lemma dh_completing_smalls:
  assumes items: "\<forall>v\<in>set xs. 0 < v \<and> v < 1" and m: "m \<le> n_two_items xs"
    and not_full: "\<not> crit_full xs m"
  obtains CL where "CL \<subseteq> smalls xs (length xs)" "card CL < m"
    "(\<Sum>i\<in>smalls xs (length xs) - CL. xs ! i) < of_nat m * (1 - xm_of xs m)"
proof -
  define x where "x = xm_of xs m"
  obtain cr tb sb where st: "dh_final xs m = (cr, tb, sb)"
    and inv: "dh_inv xs x m (length xs) (cr, tb, sb)"
    and al: "\<forall>b\<in>set cr. aload b = vload x b"
    unfolding x_def by (rule dh_final_inv[OF items m])
  have crit: "crit_inv xs x m (length xs) cr"
    using inv unfolding dh_inv_def by simp
  have opn: "\<exists>b\<in>set cr. vload x b < 1"
    using not_full st al unfolding crit_full_def by (auto simp: not_le)
  then have "crit_covered x cr < m"
    using crit unfolding crit_covered_def crit_inv_def
    by (metis length_filter_less not_le)
  moreover obtain CL where CL: "completing_smalls xs x (length xs) cr CL"
    using crit unfolding crit_inv_def by blast
  moreover have "(\<Sum>b\<leftarrow>cr. small_cap x b) < of_nat (crit_covered x cr + 1) * (1 - x)"
    using crit opn unfolding crit_inv_def by (intro sum_small_cap_less) auto
  moreover have "of_nat (crit_covered x cr + 1) * (1 - x) \<le> of_nat m * (1 - x)"
    using calculation(1) xm_of_bounds(2)[OF items m] unfolding x_def
    by (intro mult_right_mono) auto
  ultimately show thesis
    using opn unfolding completing_smalls_def x_def
    by (intro that[of CL]) auto
qed

section \<open>Weights and the optimum\<close>

definition bin_items :: "rat list \<Rightarrow> (nat \<Rightarrow> nat) \<Rightarrow> nat \<Rightarrow> nat set" where
  "bin_items xs f b = {i. i < length xs \<and> f i = b}"

definition bin_small_load :: "rat list \<Rightarrow> (nat \<Rightarrow> nat) \<Rightarrow> nat \<Rightarrow> rat" where
  "bin_small_load xs f b = (\<Sum>i\<in>{i\<in>smalls xs (length xs). f i = b}. xs ! i)"

(* Tight bins, represented by their big item. *)
definition tight_items :: "rat list \<Rightarrow> (nat \<Rightarrow> nat) \<Rightarrow> nat set" where
  "tight_items xs f = {i. i < length xs \<and> 1/2 \<le> xs ! i \<and>
     (\<forall>j\<in>bin_items xs f (f i) - {i}. xs ! j < 1/4) \<and>
     1 \<le> (\<Sum>j\<in>bin_items xs f (f i). xs ! j) \<and> bin_small_load xs f (f i) < 1/4}"

definition loose_small_sum :: "rat list \<Rightarrow> (nat \<Rightarrow> nat) \<Rightarrow> rat" where
  "loose_small_sum xs f =
     (\<Sum>i\<in>{i\<in>smalls xs (length xs). f i \<notin> f ` tight_items xs f}. xs ! i)"

definition weight_bound :: "rat list \<Rightarrow> (nat \<Rightarrow> nat) \<Rightarrow> rat" where
  "weight_bound xs f = 3/4 * of_nat (n_class xs 2) + 1/2 * of_nat (n_class xs 3)
    + 3/8 * of_nat (n_class xs 4) + of_nat (card (tight_items xs f)) / 4 + loose_small_sum xs f"
(* Let $A,B,C$ be non-zero integers and let $(x_0,y_0,z_0)$ be a non-trivial integer solution of $Ax^2+By^2+Cz^2=0$ with $z_0\neq0$. Define $$P_x(m,n)=x_0Am^2+2y_0Bmn-x_0Bn^2,\quad P_y(m,n)=-y_0Am^2+2x_0Amn+y_0Bn^2,\quad P_z(m,n)=z_0Am^2+z_0Bn^2.$$ Then every integer solution $(x,y,z)$ of $Ax^2+By^2+Cz^2=0$ can be written as $$(x,y,z)=\frac{p}{q}\big(P_x(m,n),P_y(m,n),P_z(m,n)\big)$$ with integers $m,n$ coprime, integers $p,q$ coprime, and $q>0$; moreover, in any such representation of an integer triple $(x,y,z)$ (with $\gcd(m,n)=\gcd(p,q)=1$, $q>0$), $q$ divides $2\,\mathrm{lcm}(A,B)\,C\,z_0^2$. *)

theory Defs
  imports Complex_Main
begin

definition Px :: "int \<Rightarrow> int \<Rightarrow> int \<Rightarrow> int \<Rightarrow> int \<Rightarrow> int \<Rightarrow> int \<Rightarrow> int" where
  "Px A B x0 y0 z0 m n = x0 * A * m^2 + 2 * y0 * B * m * n - x0 * B * n^2"

definition Py :: "int \<Rightarrow> int \<Rightarrow> int \<Rightarrow> int \<Rightarrow> int \<Rightarrow> int \<Rightarrow> int \<Rightarrow> int" where
  "Py A B x0 y0 z0 m n = - y0 * A * m^2 + 2 * x0 * A * m * n + y0 * B * n^2"

definition Pz :: "int \<Rightarrow> int \<Rightarrow> int \<Rightarrow> int \<Rightarrow> int \<Rightarrow> int \<Rightarrow> int \<Rightarrow> int" where
  "Pz A B x0 y0 z0 m n = z0 * A * m^2 + z0 * B * n^2"

end

theory Submission imports Defs begin

(* Parametrising the integer points of the conic  A x^2 + B y^2 + C z^2 = 0  from a known
   point (x0, y0, z0) with z0 <> 0.  Write P(m,n) = (Px, Py, Pz)(m,n).

   Every solution (x,y,z) is proportional to some P(m0,n0) with (m0,n0) <> (0,0):
   a solution on the line through 0 and (x0,y0,z0) (including the zero solution) is a
   multiple of P(x0,y0) = -C z0^2 (x0,y0,z0); any other solution is recovered from the chord through
   (x0,y0,z0), namely P(B(y0 z - z0 y), A(z0 x - x0 z)) = k (x,y,z) with k <> 0, since P only
   vanishes at (0,0).  Dividing (m0,n0) by their gcd (P is homogeneous of degree 2) and
   reducing the rational factor gives the normalised representation.

   If (x,y,z) = p/q P(m,n) with gcd(p,q) = 1, then q divides each
   coordinate of P(m,n).  Two linear combinations of these coordinates equal
   2 A C z0^2 m^2 and 2 B C z0^2 n^2, so q divides 2 lcm(A,B) C z0^2 times both m^2 and
   n^2, hence q divides 2 lcm(A,B) C z0^2 because m^2 and n^2 are coprime. *)

definition represents ::
  "int \<Rightarrow> int \<Rightarrow> int \<Rightarrow> int \<Rightarrow> int \<Rightarrow> int \<Rightarrow> int \<Rightarrow> int \<Rightarrow> int \<Rightarrow> int \<Rightarrow> int \<Rightarrow> int \<Rightarrow> bool"
  where "represents A B x0 y0 z0 x y z m n p q \<longleftrightarrow>
    coprime m n \<and> coprime p q \<and> q > 0 \<and>
    real_of_int x = real_of_int p / real_of_int q * real_of_int (Px A B x0 y0 z0 m n) \<and>
    real_of_int y = real_of_int p / real_of_int q * real_of_int (Py A B x0 y0 z0 m n) \<and>
    real_of_int z = real_of_int p / real_of_int q * real_of_int (Pz A B x0 y0 z0 m n)"

lemma P_homogeneous:
  "Px A B x0 y0 z0 (g*m) (g*n) = g^2 * Px A B x0 y0 z0 m n"
  "Py A B x0 y0 z0 (g*m) (g*n) = g^2 * Py A B x0 y0 z0 m n"
  "Pz A B x0 y0 z0 (g*m) (g*n) = g^2 * Pz A B x0 y0 z0 m n"
  unfolding Px_def Py_def Pz_def by algebra+

lemma P_at_base_point:
  assumes "A*x0^2 + B*y0^2 + C*z0^2 = 0"
  shows "Px A B x0 y0 z0 x0 y0 = -C*z0^2*x0"
    "Py A B x0 y0 z0 x0 y0 = -C*z0^2*y0"
    "Pz A B x0 y0 z0 x0 y0 = -C*z0^2*z0"
  using assms unfolding Px_def Py_def Pz_def by algebra+

text \<open>Chord construction: the parameter read off from the line through the base point and
  a second solution \<open>(x,y,z)\<close> maps back to a multiple of \<open>(x,y,z)\<close>.\<close>

lemma P_at_chord_parameter:
  assumes base: "A*x0^2 + B*y0^2 + C*z0^2 = 0" and sol: "A*x^2 + B*y^2 + C*z^2 = 0"
    and "z0 \<noteq> 0"
  defines "k \<equiv> -2*A*B*z0^2*(A*x0*x + B*y0*y + C*z0*z)"
  shows "Px A B x0 y0 z0 (B*(y0*z - z0*y)) (A*(z0*x - x0*z)) = k*x"
    "Py A B x0 y0 z0 (B*(y0*z - z0*y)) (A*(z0*x - x0*z)) = k*y"
    "Pz A B x0 y0 z0 (B*(y0*z - z0*y)) (A*(z0*x - x0*z)) = k*z"
proof -
  have "z0 * Px A B x0 y0 z0 (B*(y0*z - z0*y)) (A*(z0*x - x0*z)) = z0 * (k*x)"
    "z0 * Py A B x0 y0 z0 (B*(y0*z - z0*y)) (A*(z0*x - x0*z)) = z0 * (k*y)"
    "z0 * Pz A B x0 y0 z0 (B*(y0*z - z0*y)) (A*(z0*x - x0*z)) = z0 * (k*z)"
    using base sol unfolding Px_def Py_def Pz_def k_def by algebra+
  then show "Px A B x0 y0 z0 (B*(y0*z - z0*y)) (A*(z0*x - x0*z)) = k*x"
    "Py A B x0 y0 z0 (B*(y0*z - z0*y)) (A*(z0*x - x0*z)) = k*y"
    "Pz A B x0 y0 z0 (B*(y0*z - z0*y)) (A*(z0*x - x0*z)) = k*z"
    using \<open>z0 \<noteq> 0\<close> by simp_all
qed

text \<open>\<open>P\<close> has no non-trivial zero: \<open>Pz = 0\<close> forces \<open>A m^2 + B n^2 = 0\<close>, and then either
  \<open>(m,n)\<close> is proportional to \<open>(x0,y0)\<close>, impossible as \<open>C z0^2 \<noteq> 0\<close>, or \<open>Px = Py = 0\<close>
  forces \<open>m = n = 0\<close>.\<close>

lemma P_zero_only_at_origin:
  assumes "A \<noteq> 0" "B \<noteq> 0" "C \<noteq> 0" "z0 \<noteq> 0" and base: "A*x0^2 + B*y0^2 + C*z0^2 = 0"
    and "Px A B x0 y0 z0 m n = 0" "Py A B x0 y0 z0 m n = 0" "Pz A B x0 y0 z0 m n = 0"
  shows "m = 0 \<and> n = 0"
proof -
  have conic: "A*m^2 + B*n^2 = 0"
    using assms(4,8) unfolding Pz_def by (metis distrib_left mult.assoc mult_eq_0_iff)
  have from_Px: "B*n*(y0*m - x0*n) = 0" using conic assms(6) unfolding Px_def by algebra
  have from_Py: "A*m*(y0*m - x0*n) = 0" using conic assms(7) unfolding Py_def by algebra
  show ?thesis
  proof (cases "y0*m - x0*n = 0")
    case False
    then show ?thesis using from_Px from_Py assms(1,2) by auto
  next
    case True
    have "m^2 * (C*z0^2) = 0" using True conic base by algebra
    then have "m = 0" using assms(3,4) by simp
    then show ?thesis using conic assms(2) by simp
  qed
qed

lemma solution_multiple_of_P:
  assumes "A \<noteq> 0" "B \<noteq> 0" "C \<noteq> 0" "z0 \<noteq> 0"
    and base: "A*x0^2 + B*y0^2 + C*z0^2 = 0" and sol: "A*x^2 + B*y^2 + C*z^2 = 0"
  obtains a b m0 n0 where "b \<noteq> 0" "(m0, n0) \<noteq> (0, 0)"
    "b*x = a * Px A B x0 y0 z0 m0 n0" "b*y = a * Py A B x0 y0 z0 m0 n0"
    "b*z = a * Pz A B x0 y0 z0 m0 n0"
proof (cases "z0*x = x0*z \<and> z0*y = y0*z")
  case on_line: True
  have "(x0, y0) \<noteq> (0, 0)" using base assms(3,4) by auto
  moreover have "-C*z0^3 \<noteq> 0" using assms(3,4) by simp
  moreover have "-C*z0^3 * x = z * Px A B x0 y0 z0 x0 y0"
    "-C*z0^3 * y = z * Py A B x0 y0 z0 x0 y0"
    unfolding P_at_base_point[OF base] using on_line by algebra+
  moreover have "-C*z0^3 * z = z * Pz A B x0 y0 z0 x0 y0"
    unfolding P_at_base_point[OF base] by algebra
  ultimately show ?thesis using that by blast
next
  case off_line: False
  define k where "k = -2*A*B*z0^2*(A*x0*x + B*y0*y + C*z0*z)"
  define l1 where "l1 = B*(y0*z - z0*y)"
  define l2 where "l2 = A*(z0*x - x0*z)"
  have chord: "Px A B x0 y0 z0 l1 l2 = k*x" "Py A B x0 y0 z0 l1 l2 = k*y"
    "Pz A B x0 y0 z0 l1 l2 = k*z"
    using P_at_chord_parameter[OF base sol assms(4)] unfolding k_def l1_def l2_def by simp_all
  have l_nonzero: "(l1, l2) \<noteq> (0, 0)"
    using off_line assms(1,2) unfolding l1_def l2_def by auto
  have "k \<noteq> 0"
  proof
    assume "k = 0"
    then have "l1 = 0 \<and> l2 = 0"
      by (intro P_zero_only_at_origin[OF assms(1-4) base]) (simp_all add: chord)
    then show False using l_nonzero by simp
  qed
  then show ?thesis using that[of k l1 l2 1] l_nonzero chord by simp
qed

lemma reduced_fraction:
  fixes a b :: int
  obtains p q where "coprime p q" "q > 0"
    "real_of_int a / real_of_int b = real_of_int p / real_of_int q"
proof -
  obtain p q where pq: "quotient_of (of_int a / of_int b :: rat) = (p, q)"
    by (cases "quotient_of (of_int a / of_int b :: rat)")
  have "real_of_rat (of_int a / of_int b) = real_of_rat (of_int p / of_int q)"
    using quotient_of_div[OF pq] by simp
  then have "real_of_int a / real_of_int b = real_of_int p / real_of_int q"
    by (simp add: of_rat_divide)
  then show ?thesis using that quotient_of_coprime[OF pq] quotient_of_denom_pos[OF pq] by blast
qed

lemma normalise_representation:
  assumes "b \<noteq> 0" "(m0, n0) \<noteq> (0, 0)"
    and "b*x = a * Px A B x0 y0 z0 m0 n0" "b*y = a * Py A B x0 y0 z0 m0 n0"
    "b*z = a * Pz A B x0 y0 z0 m0 n0"
  shows "\<exists>m n p q. represents A B x0 y0 z0 x y z m n p q"
proof -
  define g where "g = gcd m0 n0"
  define m where "m = m0 div g"
  define n where "n = n0 div g"
  have "coprime m n" unfolding m_def n_def g_def using assms(2) div_gcd_coprime by auto
  have m0_eq: "m0 = g*m" and n0_eq: "n0 = g*n" unfolding m_def n_def g_def by simp_all
  obtain p q where "coprime p q" "q > 0"
    and factor: "real_of_int (a*g^2) / real_of_int b = real_of_int p / real_of_int q"
    by (rule reduced_fraction)
  have rescale: "real_of_int u = real_of_int p / real_of_int q * real_of_int V"
    if "b*u = a*(g^2*V)" for u V
  proof -
    have "real_of_int b * real_of_int u = real_of_int (a*g^2) * real_of_int V"
      using that by (metis of_int_mult mult.assoc)
    then have "real_of_int u = real_of_int (a*g^2) / real_of_int b * real_of_int V"
      using assms(1) by (simp add: field_simps)
    then show ?thesis by (simp only: factor)
  qed
  have "real_of_int x = real_of_int p / real_of_int q * real_of_int (Px A B x0 y0 z0 m n)"
    "real_of_int y = real_of_int p / real_of_int q * real_of_int (Py A B x0 y0 z0 m n)"
    "real_of_int z = real_of_int p / real_of_int q * real_of_int (Pz A B x0 y0 z0 m n)"
    using assms(3-5) unfolding m0_eq n0_eq P_homogeneous by (blast intro: rescale)+
  then have "represents A B x0 y0 z0 x y z m n p q"
    unfolding represents_def using \<open>coprime m n\<close> \<open>coprime p q\<close> \<open>q > 0\<close> by blast
  then show ?thesis by blast
qed

lemma denominator_dvd:
  fixes x p q V :: int
  assumes "coprime p q" "q > 0"
    and "real_of_int x = real_of_int p / real_of_int q * real_of_int V"
  shows "q dvd V"
proof -
  have "real_of_int (q*x) = real_of_int (p*V)" using assms(2,3) by (simp add: field_simps)
  then have "q*x = p*V" by (simp only: of_int_eq_iff)
  then have "q dvd p*V" by (metis dvd_triv_left)
  moreover have "coprime q p" using assms(1) coprime_commute by blast
  ultimately show ?thesis by (simp add: coprime_dvd_mult_right_iff)
qed

lemma P_combination_m:
  assumes "A*x0^2 + B*y0^2 + C*z0^2 = 0"
  shows "2*A*C*z0^2*m^2 = -A*x0*Px A B x0 y0 z0 m n + B*y0*Py A B x0 y0 z0 m n
                         + C*z0*Pz A B x0 y0 z0 m n"
  using assms unfolding Px_def Py_def Pz_def by algebra

lemma P_combination_n:
  assumes "A*x0^2 + B*y0^2 + C*z0^2 = 0"
  shows "2*B*C*z0^2*n^2 = A*x0*Px A B x0 y0 z0 m n - B*y0*Py A B x0 y0 z0 m n
                         + C*z0*Pz A B x0 y0 z0 m n"
  using assms unfolding Px_def Py_def Pz_def by algebra

lemma common_divisor_of_P:
  fixes d :: int
  assumes base: "A*x0^2 + B*y0^2 + C*z0^2 = 0" and "coprime m n"
    and dx: "d dvd Px A B x0 y0 z0 m n" and dy: "d dvd Py A B x0 y0 z0 m n"
    and dz: "d dvd Pz A B x0 y0 z0 m n"
  shows "d dvd 2 * lcm A B * C * z0^2"
proof -
  let ?L = "2 * lcm A B * C * z0^2"
  have "d dvd 2*A*C*z0^2*m^2"
    by (subst P_combination_m[OF base, of _ n]) (intro dvd_add dvd_mult dx dy dz)
  also have "2*A*C*z0^2*m^2 dvd ?L * m^2" by (simp add: mult_dvd_mono)
  finally have dm: "d dvd ?L * m^2" .
  have "d dvd 2*B*C*z0^2*n^2"
    by (subst P_combination_n[OF base, of _ m]) (intro dvd_add dvd_diff dvd_mult dx dy dz)
  also have "2*B*C*z0^2*n^2 dvd ?L * n^2" by (simp add: mult_dvd_mono)
  finally have dn: "d dvd ?L * n^2" .
  have "d dvd gcd (?L * m^2) (?L * n^2)" using dm dn by simp
  also have "gcd (?L * m^2) (?L * n^2) = normalize ?L"
    using \<open>coprime m n\<close> by (simp add: gcd_mult_left)
  finally show ?thesis by simp
qed

theorem theorem5:
  fixes A B C x0 y0 z0 :: int
  assumes "A \<noteq> 0" and "B \<noteq> 0" and "C \<noteq> 0"
    and "A * x0^2 + B * y0^2 + C * z0^2 = 0"
    and "(x0, y0, z0) \<noteq> (0, 0, 0)"
    and "z0 \<noteq> 0"
  shows "(\<forall>x y z :: int. A * x^2 + B * y^2 + C * z^2 = 0 \<longrightarrow>
            (\<exists>m n p q :: int. coprime m n \<and> coprime p q \<and> q > 0 \<and>
               real_of_int x = real_of_int p / real_of_int q * real_of_int (Px A B x0 y0 z0 m n) \<and>
               real_of_int y = real_of_int p / real_of_int q * real_of_int (Py A B x0 y0 z0 m n) \<and>
               real_of_int z = real_of_int p / real_of_int q * real_of_int (Pz A B x0 y0 z0 m n)))
       \<and> (\<forall>x y z m n p q :: int. coprime m n \<and> coprime p q \<and> q > 0 \<and>
               real_of_int x = real_of_int p / real_of_int q * real_of_int (Px A B x0 y0 z0 m n) \<and>
               real_of_int y = real_of_int p / real_of_int q * real_of_int (Py A B x0 y0 z0 m n) \<and>
               real_of_int z = real_of_int p / real_of_int q * real_of_int (Pz A B x0 y0 z0 m n)
            \<longrightarrow> q dvd 2 * lcm A B * C * z0^2)"
  unfolding represents_def [symmetric]
proof (intro conjI allI impI)
  fix x y z :: int
  assume "A * x^2 + B * y^2 + C * z^2 = 0"
  then obtain a b m0 n0 where "b \<noteq> 0" "(m0, n0) \<noteq> (0, 0)"
    "b*x = a * Px A B x0 y0 z0 m0 n0" "b*y = a * Py A B x0 y0 z0 m0 n0"
    "b*z = a * Pz A B x0 y0 z0 m0 n0"
    by (rule solution_multiple_of_P[OF assms(1-3,6,4)])
  then show "\<exists>m n p q. represents A B x0 y0 z0 x y z m n p q"
    by (rule normalise_representation)
next
  fix x y z m n p q :: int
  assume "represents A B x0 y0 z0 x y z m n p q"
  then have "coprime m n" and "coprime p q" "q > 0"
    and "q dvd Px A B x0 y0 z0 m n" "q dvd Py A B x0 y0 z0 m n" "q dvd Pz A B x0 y0 z0 m n"
    unfolding represents_def using denominator_dvd[of p q] by auto
  then show "q dvd 2 * lcm A B * C * z0^2"
    by (intro common_divisor_of_P[OF assms(4)])
qed

end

Directions:
Repeat the entries above verbatim, but only from the line that has "a solution on" down to the line that has "coordinate of P(m,n).", inclusive.

Result of the exercise:
   a solution on the line through 0 and (x0,y0,z0) (including the zero solution) is a
   multiple of P(x0,y0) = -C z0^2 (x0,y0,z0); any other solution is recovered from the chord through
   (x0,y0,z0), namely P(B(y0 z - z0 y), A(z0 x - x0 z)) = k (x,y,z) with k <> 0, since P only
   vanishes at (0,0).  Dividing (m0,n0) by their gcd (P is homogeneous of degree 2) and
   reducing the rational factor gives the normalised representation.

   If (x,y,z) = p/q P(m,n) with gcd(p,q) = 1, then q divides each
   coordinate of P(m,n).  Two linear combinations of these coordinates equal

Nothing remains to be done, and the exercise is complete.